Leftmedia Hypocrisy on Search Warrants
There’s definitely a bit of selective outrage after a Washington Post reporter’s home was raided by the FBI.
The FBI searched a home yesterday morning as part of an investigation surrounding illegally kept classified documents. It’s a story we’ve heard all too often in recent years, but since the subject of the raid is not named Hillary Clinton, Joe Biden, or Donald Trump, it won’t get the same level of attention.
The subject in this case is Hannah Natanson, a reporter for The Washington Post. She “was at her home in Virginia at the time of the search,” reported the Post. “Federal agents searched her home and her devices, seizing her phone, two laptops and a Garmin watch. One of the laptops was her personal computer, the other a Post-issued laptop.”
Furthermore, “Investigators told Natanson that she is not the focus of the probe. The warrant said that law enforcement was investigating Aurelio Perez-Lugones, a system administrator in Maryland who has a top-secret security clearance and has been accused of accessing and taking home classified intelligence reports from secure government facilities that were later found in his lunch box and his basement, according to an FBI affidavit.”
Traditionally, most people — especially journalists — view journalists as having special protection against such searches because of the “chilling” effect we’re always told such things have on the First Amendment right to freedom of the press. I don’t say it that way to sound dismissive of fundamental rights but to highlight the high regard with which journalists hold themselves. They behave like activists and then expect to be utterly immune from consequences.
Journalists seem to think a former president can be prosecuted for felonies relating to classified information, but that they are immunized from even the inconvenience of a search warrant.
Perez-Lugones was arrested last week for leaks about Venezuela because, as Attorney General Pam Bondi said, “The Trump Administration will not tolerate illegal leaks of classified information that, when reported, pose a grave risk to our Nation’s national security and the brave men and women who are serving our country.”
Just today, our Thomas Gallatin warns that Trump’s Justice Department is crossing some lines to engage in lawfare that looks an awful lot like the efforts of the previous administration. As if to illustrate that point, this raid hearkens back to actions taken by the last two Democrat presidents.
Living in what seems like an alternate reality, an accompanying Washington Post story bears this headline: “Journalists confront new reality in reporting after FBI raid.” The article begins by playing up the fear and butt-covering response of other reporters, who “said they moved swiftly to secure their phones and laptops, reassure confidential sources and consult newsroom leaders as they worried about the federal government’s seizure of devices containing sensitive information.”

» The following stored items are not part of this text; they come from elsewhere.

lemma confined_extend_right:
  assumes t: "t \<ge> 0" and conf: "confined t"
  shows "\<exists>b>t. \<forall>s\<in>{t..b}. confined s"
proof -
  have "eventually (\<lambda>s. \<forall>i j. \<phi> s $ i - \<phi> s $ j \<le> D) (at_right t)"
    using eventually_phase_gap_le_at_right[OF t conf] by (intro eventually_all_finite) auto
  then obtain b where b: "b > t" "\<forall>y>t. y < b \<longrightarrow> (\<forall>i j. \<phi> y $ i - \<phi> y $ j \<le> D)"
    unfolding eventually_at_right_field by blast
  define b' where "b' = (t + b) / 2"
  have b': "t < b'" "b' < b" using b unfolding b'_def by auto
  have spread: "\<forall>i j. \<phi> s $ i - \<phi> s $ j \<le> D" if "s \<in> {t..b'}" for s
    using that b b' conf unfolding confined_def by (cases "s = t") auto
  have "\<forall>s\<in>{t..b'}. (norm (\<phi> s))\<^sup>2 \<le> E0"
  proof (rule stays_below_if_DERIV_nonpos_above)
    show "continuous_on {t..b'} (\<lambda>s. (norm (\<phi> s))\<^sup>2)"
      by (rule continuous_on_subset[OF continuous_on_norm_square]) (use t in auto)
    show "(norm (\<phi> t))\<^sup>2 \<le> E0" using conf unfolding confined_def by simp
    fix s assume s: "t < s" "s < b'"
    then show "((\<lambda>s. (norm (\<phi> s))\<^sup>2) has_real_derivative 2 * (\<Sum>i\<in>UNIV. \<phi> s $ i * rhs (\<phi> s) $ i)) (at s)"
      using has_real_derivative_norm_square[of s] t by simp
    show "E0 < (norm (\<phi> s))\<^sup>2 \<Longrightarrow> 2 * (\<Sum>i\<in>UNIV. \<phi> s $ i * rhs (\<phi> s) $ i) \<le> 0"
      using energy_derivative_nonpos[of s] s t spread[of s] by auto
  qed
  then show ?thesis using spread b' unfolding confined_def by (intro exI[of _ b']) auto
qed

lemma confined_all: "t \<ge> 0 \<Longrightarrow> confined t"
proof (rule ccontr)
  assume t: "t \<ge> 0" "\<not> confined t"
  define \<tau> where "\<tau> = Inf {s. 0 \<le> s \<and> \<not> confined s}"
  have bdd: "bdd_below {s. 0 \<le> s \<and> \<not> confined s}" by (rule bdd_belowI[of _ 0]) auto
  have ne: "{s. 0 \<le> s \<and> \<not> confined s} \<noteq> {}" using t by auto
  have \<tau>_ge: "0 \<le> \<tau>" unfolding \<tau>_def using ne by (intro cInf_greatest) auto
  have below: "confined s" if "0 \<le> s" "s < \<tau>" for s
  proof (rule ccontr)
    assume "\<not> confined s"
    with that have "\<tau> \<le> s" unfolding \<tau>_def by (intro cInf_lower[OF _ bdd]) simp
    with that show False by simp
  qed
  have "confined \<tau>"
  proof (cases "\<tau> = 0")
    case False
    then have \<tau>_pos: "0 < \<tau>" using \<tau>_ge by simp
    have "\<phi> \<tau> $ i - \<phi> \<tau> $ j \<le> D" for i j
      using le_at_left_limit[OF continuous_on_diff[OF continuous_on_phase continuous_on_phase] \<tau>_pos]
        below unfolding confined_def by blast
    moreover have "(norm (\<phi> \<tau>))\<^sup>2 \<le> E0"
      using le_at_left_limit[OF continuous_on_norm_square \<tau>_pos] below unfolding confined_def by blast
    ultimately show ?thesis unfolding confined_def by auto
  qed (simp add: confined_0)
  then obtain b where b: "b > \<tau>" "\<forall>s\<in>{\<tau>..b}. confined s" using confined_extend_right[OF \<tau>_ge] by blast
  have "b \<le> \<tau>" unfolding \<tau>_def
  proof (rule cInf_greatest[OF ne])
    fix s assume s: "s \<in> {s. 0 \<le> s \<and> \<not> confined s}"
    then have "\<tau> \<le> s" unfolding \<tau>_def using bdd by (rule cInf_lower)
    moreover have "s \<notin> {\<tau>..b}" using b(2) s by blast
    ultimately show "b \<le> s" by simp
  qed
  then show False using b by simp
qed

lemma phase_spread_le: "t \<ge> 0 \<Longrightarrow> phase_spread (\<phi> t) \<le> D"
  using confined_all phase_spread_le_iff unfolding confined_def by blast
definition is_ultrafilter :: "'a set set \<Rightarrow> bool" where
  "is_ultrafilter p \<longleftrightarrow> UNIV \<in> p \<and> {} \<notin> p \<and>
     (\<forall>A B. A \<in> p \<and> A \<subseteq> B \<longrightarrow> B \<in> p) \<and>
     (\<forall>A B. A \<in> p \<and> B \<in> p \<longrightarrow> A \<inter> B \<in> p) \<and>
     (\<forall>A. A \<in> p \<or> - A \<in> p)"

definition betaS :: "'a set set set" where
  "betaS = {p. is_ultrafilter p}"

definition bclosure :: "'a set \<Rightarrow> 'a set set set" where
  "bclosure A = {p \<in> betaS. A \<in> p}"

definition deltaS :: "('a \<Rightarrow> 'a \<Rightarrow> 'a option) \<Rightarrow> 'a set set set" where
  "deltaS op = (\<Inter>x. bclosure (phi op x))"

definition ext :: "('a \<Rightarrow> 'b) \<Rightarrow> 'a set set \<Rightarrow> 'b set set" where
  "ext h p = {B. h -` B \<in> p}"

definition sinv :: "('a \<Rightarrow> 'a \<Rightarrow> 'a option) \<Rightarrow> 'a \<Rightarrow> 'a set \<Rightarrow> 'a set" where
  "sinv op s A = {t \<in> phi op s. the (op s t) \<in> A}"

definition ustar :: "('a \<Rightarrow> 'a \<Rightarrow> 'a option) \<Rightarrow> 'a set set \<Rightarrow> 'a set set \<Rightarrow> 'a set set" where
  "ustar op p q = {A. {s. sinv op s A \<in> q} \<in> p}"

definition sg_ideal :: "'c set \<Rightarrow> ('c \<Rightarrow> 'c \<Rightarrow> 'c) \<Rightarrow> 'c set \<Rightarrow> bool" where
  "sg_ideal D m I \<longleftrightarrow> I \<noteq> {} \<and> I \<subseteq> D \<and> (\<forall>x\<in>I. \<forall>y\<in>D. m x y \<in> I \<and> m y x \<in> I)"

definition Kmin :: "'c set \<Rightarrow> ('c \<Rightarrow> 'c \<Rightarrow> 'c) \<Rightarrow> 'c set" where
  "Kmin D m = \<Inter>{I. sg_ideal D m I}"

definition KdeltaS :: "('a \<Rightarrow> 'a \<Rightarrow> 'a option) \<Rightarrow> 'a set set set" where
  "KdeltaS op = Kmin (deltaS op) (ustar op)"

definition central :: "('a \<Rightarrow> 'a \<Rightarrow> 'a option) \<Rightarrow> 'a set \<Rightarrow> bool" where
  "central op A \<longleftrightarrow> (\<exists>p \<in> KdeltaS op \<inter> bclosure A. ustar op p p = p)"

end

theory Submission
  imports Defs
begin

Again, I’m not saying that journalists or their sources don’t deserve rights and protections, including, in some cases, anonymity. In fact, quite the opposite. I’m also saying that Democrat administrations did the same thing Trump’s DOJ is doing now.
Ask James Rosen, Catherine Herridge, and Sharyl Attkisson about the experience of having personal tech items seized or otherwise being subject to government pressure. The Post could have asked them, but instead doesn’t name any of them. Its story obliquely mentions Rosen only as “a Fox News reporter,” and the Post’s implication is actually to praise then-Attorney General Eric Holder for his response to that episode.
The Post also brings up other investigations by the first Trump administration, again heroically casting Biden’s attorney general, Merrick Garland, as a stalwart defender of a free press for his subsequent actions that “banned using search warrants and subpoenas to obtain journalists’ materials or compel testimony about their sources.”
Bondi reversed that order, though the Post says she “reinstated much of Holder’s framework.”
Journalists do have enumerated protection in the First Amendment. They do have a duty to hold the government accountable for how it comports with the U.S. Constitution. They do have the right to confidential sources so that appropriate whistleblowing can take place. Any government action against reporters better have rock-solid justification.
The rub with this story is that so many Leftmedia reporters simply have an ax to grind only against Republican administrations and politicians. They’re blind to or utterly shameless in their own hypocrisy because they are effectively agents working on behalf of the Democrat Party. That’s almost doubly true of The Washington Post, which, for example, won a Pulitzer for its bogus reporting on the Russia-collusion hoax. And that’s why I can’t help but roll my eyes at the Post’s outrage here.